# Slabbed Red Maple Burl Log



## Sawmillnc (Jan 14, 2010)

Here is an urban harvest log that I recently slabbed to 2" thick slabs. The average length is 90" and the widest area is 36". This is some superb Red Maple burl which extends to the pith and is better than some Big Leaf burl that I have purchased in the past. I thought you guys would enjoy this. In the photobucket folder there is also a video showing a slabbing of one of the pieces. This will dry 3 months than be kiln dried.

slideshow
http://w199.photobucket.com/pbwidget.swf?pbwurl=http%3A%2F%2Fw199.photobucket.com%2Falbums%2Faa318%2FSawmillnc%2Fc9294e26.pbw

the slabbing
http://static.photobucket.com/player.swf


----------



## Scsmith42 (Jan 26, 2011)

Kyle, you are the Slab Man! Those really look nice; can't wait to see pix of them dried and planed.


----------



## HalDougherty (Jul 15, 2009)

I'd like to see some pictures of them carved into a gunstock! Don't you love opening a log and finding treasure like this? When I was in college one of the girls I saw on campus had a tee shirt that said: "You have to kiss a lot of frogs before you find a Prince!"

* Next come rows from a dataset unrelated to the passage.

(* A nonzero finitely generated $\mathbb{Z}$-module is not isomorphic to the inverse limit of any inverse system, indexed by a countable upward directed poset, of injective $\mathbb{Z}$-modules and surjective homomorphisms.
   Context: For $\mathbb{Z}$-modules, injective is equivalent to divisible. *)

theory Defs
  imports "HOL-Algebra.Algebra" "HOL-Library.Countable_Set"
begin

text \<open>Z-modules are rendered as commutative groups (HOL-Algebra).  An injective
  Z-module is rendered as a divisible abelian group (injective = divisible for Z-modules).\<close>

definition divisible_group :: "('a, 'm) monoid_scheme \<Rightarrow> bool" where
  "divisible_group E \<longleftrightarrow> comm_group E \<and>
     (\<forall>x\<in>carrier E. \<forall>n::nat. n > 0 \<longrightarrow> (\<exists>y\<in>carrier E. y [^]\<^bsub>E\<^esub> n = x))"

definition finitely_generated_group :: "('a, 'm) monoid_scheme \<Rightarrow> bool" where
  "finitely_generated_group G \<longleftrightarrow>
     (\<exists>S. finite S \<and> S \<subseteq> carrier G \<and> generate G S = carrier G)"

definition inverse_system ::
  "'i set \<Rightarrow> ('i \<Rightarrow> 'i \<Rightarrow> bool) \<Rightarrow> ('i \<Rightarrow> 'a monoid) \<Rightarrow> ('i \<Rightarrow> 'i \<Rightarrow> 'a \<Rightarrow> 'a) \<Rightarrow> bool" where
  "inverse_system I R A f \<longleftrightarrow>
     (\<forall>i\<in>I. comm_group (A i)) \<and>
     (\<forall>i\<in>I. \<forall>j\<in>I. R i j \<longrightarrow> f i j \<in> hom (A j) (A i)) \<and>
     (\<forall>i\<in>I. \<forall>x\<in>carrier (A i). f i i x = x) \<and>
     (\<forall>i\<in>I. \<forall>j\<in>I. \<forall>k\<in>I. R i j \<longrightarrow> R j k \<longrightarrow>
        (\<forall>x\<in>carrier (A k). f i j (f j k x) = f i k x))"

definition countable_directed_poset :: "'i set \<Rightarrow> ('i \<Rightarrow> 'i \<Rightarrow> bool) \<Rightarrow> bool" where
  "countable_directed_poset I R \<longleftrightarrow>
     countable I \<and>
     (\<forall>i\<in>I. R i i) \<and>
     (\<forall>i\<in>I. \<forall>j\<in>I. R i j \<longrightarrow> R j i \<longrightarrow> i = j) \<and>
     (\<forall>i\<in>I. \<forall>j\<in>I. \<forall>k\<in>I. R i j \<longrightarrow> R j k \<longrightarrow> R i k) \<and>
     (\<forall>i\<in>I. \<forall>j\<in>I. \<exists>k\<in>I. R i k \<and> R j k)"

definition inverse_limit ::
  "'i set \<Rightarrow> ('i \<Rightarrow> 'i \<Rightarrow> bool) \<Rightarrow> ('i \<Rightarrow> 'a monoid) \<Rightarrow> ('i \<Rightarrow> 'i \<Rightarrow> 'a \<Rightarrow> 'a) \<Rightarrow> ('i \<Rightarrow> 'a) monoid" where
  "inverse_limit I R A f =
     \<lparr> partial_object.carrier = {x. (\<forall>i\<in>I. x i \<in> carrier (A i)) \<and> (\<forall>i. i \<notin> I \<longrightarrow> x i = undefined) \<and>
                     (\<forall>i\<in>I. \<forall>j\<in>I. R i j \<longrightarrow> f i j (x j) = x i)},
       monoid.mult = (\<lambda>x y. \<lambda>i. if i \<in> I then x i \<otimes>\<^bsub>A i\<^esub> y i else undefined),
       monoid.one = (\<lambda>i. if i \<in> I then \<one>\<^bsub>A i\<^esub> else undefined) \<rparr>"

end

theory Submission
  imports Defs
begin

text \<open>A finitely generated divisible abelian group is trivial. By induction on the number of
  generators: if every element of \<open>\<langle>S\<rangle>\<close> is an \<open>n\<close>-th power modulo a subgroup \<open>N\<close> for all
  \<open>n > 0\<close>, then \<open>\<langle>S\<rangle>\<^sup>d \<subseteq> N\<close> for some \<open>d > 0\<close> (apply the induction hypothesis modulo
  \<open>N\<langle>g\<rangle>\<close>; writing \<open>g\<close> as a \<open>2d\<close>-th power modulo \<open>N\<close> then puts an odd power of \<open>g\<close> into \<open>N\<close>).
  For \<open>N = 1\<close> and \<open>\<langle>S\<rangle> = G\<close> this gives \<open>G = G\<^sup>d = 1\<close>.
  Over a countable directed index set, surjective transition maps make every projection of
  the inverse limit surjective: lift an element along a cofinal chain. So if \<open>M\<close> were
  isomorphic to the limit, each \<open>A\<^sub>i\<close> would be a quotient of \<open>M\<close>, hence finitely generated
  and divisible, hence trivial; then so would be the limit, and \<open>M\<close>.\<close>

definition divisible_modulo :: "('a, 'm) monoid_scheme \<Rightarrow> 'a set \<Rightarrow> 'a set \<Rightarrow> bool" where
  "divisible_modulo G H N \<longleftrightarrow>
     (\<forall>n::nat. n > 0 \<longrightarrow> (\<forall>x\<in>H. \<exists>y\<in>H. \<exists>z\<in>N. x = y [^]\<^bsub>G\<^esub> n \<otimes>\<^bsub>G\<^esub> z))"

lemma (in group) mem_set_mult_generate_singleton:
  assumes "g \<in> carrier G"
  shows "x \<in> K <#> generate G {g} \<longleftrightarrow> (\<exists>k\<in>K. \<exists>a::int. x = k \<otimes> g [^] a)"
  using generate_pow[OF assms] unfolding set_mult_def by auto

lemma (in comm_group) generate_insert:
  assumes "S \<subseteq> carrier G" "g \<in> carrier G"
  shows "generate G (insert g S) = generate G S <#> generate G {g}"
proof
  have "g \<in> generate G S <#> generate G {g}"
    unfolding mem_set_mult_generate_singleton[OF assms(2)] using assms(2)
    by (intro bexI[of _ \<one>] exI[of _ 1] generate.one) simp
  moreover have "s \<in> generate G S <#> generate G {g}" if "s \<in> S" for s
    unfolding mem_set_mult_generate_singleton[OF assms(2)] using that assms
    by (intro bexI[of _ s] exI[of _ 0] generate.incl) auto
  ultimately have "insert g S \<subseteq> generate G S <#> generate G {g}" by blast
  then show "generate G (insert g S) \<subseteq> generate G S <#> generate G {g}"
    using assms by (intro generate_subgroup_incl mult_subgroups generate_is_subgroup) auto
next
  have sub: "subgroup (generate G (insert g S)) G"
    using assms by (intro generate_is_subgroup) auto
  have "generate G S \<subseteq> generate G (insert g S)" "generate G {g} \<subseteq> generate G (insert g S)"
    using mono_generate[of S "insert g S"] mono_generate[of "{g}" "insert g S"] by auto
  then show "generate G S <#> generate G {g} \<subseteq> generate G (insert g S)"
    unfolding set_mult_def using subgroup.m_closed[OF sub] by blast
qed

lemma (in group) int_pow_in_subgroup_abs:
  assumes "subgroup N G" "g \<in> carrier G" "g [^] (m::int) \<in> N"
  shows "g [^] nat \<bar>m\<bar> \<in> N"
proof (cases "m \<ge> 0")
  case True
  then show ?thesis using assms(3) by (simp flip: int_pow_int)
next
  case False
  then have "g [^] nat \<bar>m\<bar> = inv (g [^] m)"
    using assms(2) by (simp add: int_pow_neg flip: int_pow_int)
  then show ?thesis using assms(3) subgroup.m_inv_closed[OF assms(1)] by simp
qed

lemma (in comm_group) divisible_modulo_generate_insert:
  assumes "S \<subseteq> carrier G" "g \<in> carrier G" "subgroup N G"
    and "divisible_modulo G (generate G (insert g S)) N"
  shows "divisible_modulo G (generate G S) (N <#> generate G {g})"
  unfolding divisible_modulo_def
proof (intro allI impI ballI)
  fix n :: nat and x assume n: "n > 0" and x: "x \<in> generate G S"
  have "x \<in> generate G (insert g S)" using x mono_generate[of S "insert g S"] by blast
  then obtain y z where y: "y \<in> generate G (insert g S)" and z: "z \<in> N" and x_eq: "x = y [^] n \<otimes> z"
    using assms(4) n unfolding divisible_modulo_def by blast
  obtain y0 a where y0: "y0 \<in> generate G S" and y_eq: "y = y0 \<otimes> g [^] (a::int)"
    using y unfolding generate_insert[OF assms(1,2)] mem_set_mult_generate_singleton[OF assms(2)] by blast
  have carr: "y0 \<in> carrier G" "z \<in> carrier G"
    using y0 z generate_incl[OF assms(1)] subgroup.subset[OF assms(3)] by auto
  have "x = y0 [^] n \<otimes> (z \<otimes> g [^] (a * int n))"
    using x_eq y_eq carr assms(2) by (simp add: int_pow_distrib int_pow_pow m_ac flip: int_pow_int)
  moreover have "z \<otimes> g [^] (a * int n) \<in> N <#> generate G {g}"
    using z mem_set_mult_generate_singleton[OF assms(2)] by blast
  ultimately show "\<exists>y\<in>generate G S. \<exists>z\<in>N <#> generate G {g}. x = y [^] n \<otimes> z"
    using y0 by blast
qed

I love your Lucas Mill. As soon as I make some money with my bandsaw, I'm going to build a chainsaw mill and frame to cut large walnut stumps into gunstocks. right now I can cut a 34" wide log with the throat of the saw opening to 29 1/2 inches. I've got 5 walnut trees in my woods that I'll have to split the butt log and stump to get them on my sawmill. I'm waiting to cut them till I can handle the wide stuff.


----------



## Sawmillnc (Jan 14, 2010)

Thanks Scott! The figure in this log was spectacular and the camera doesn't do justice because of the bright light.


----------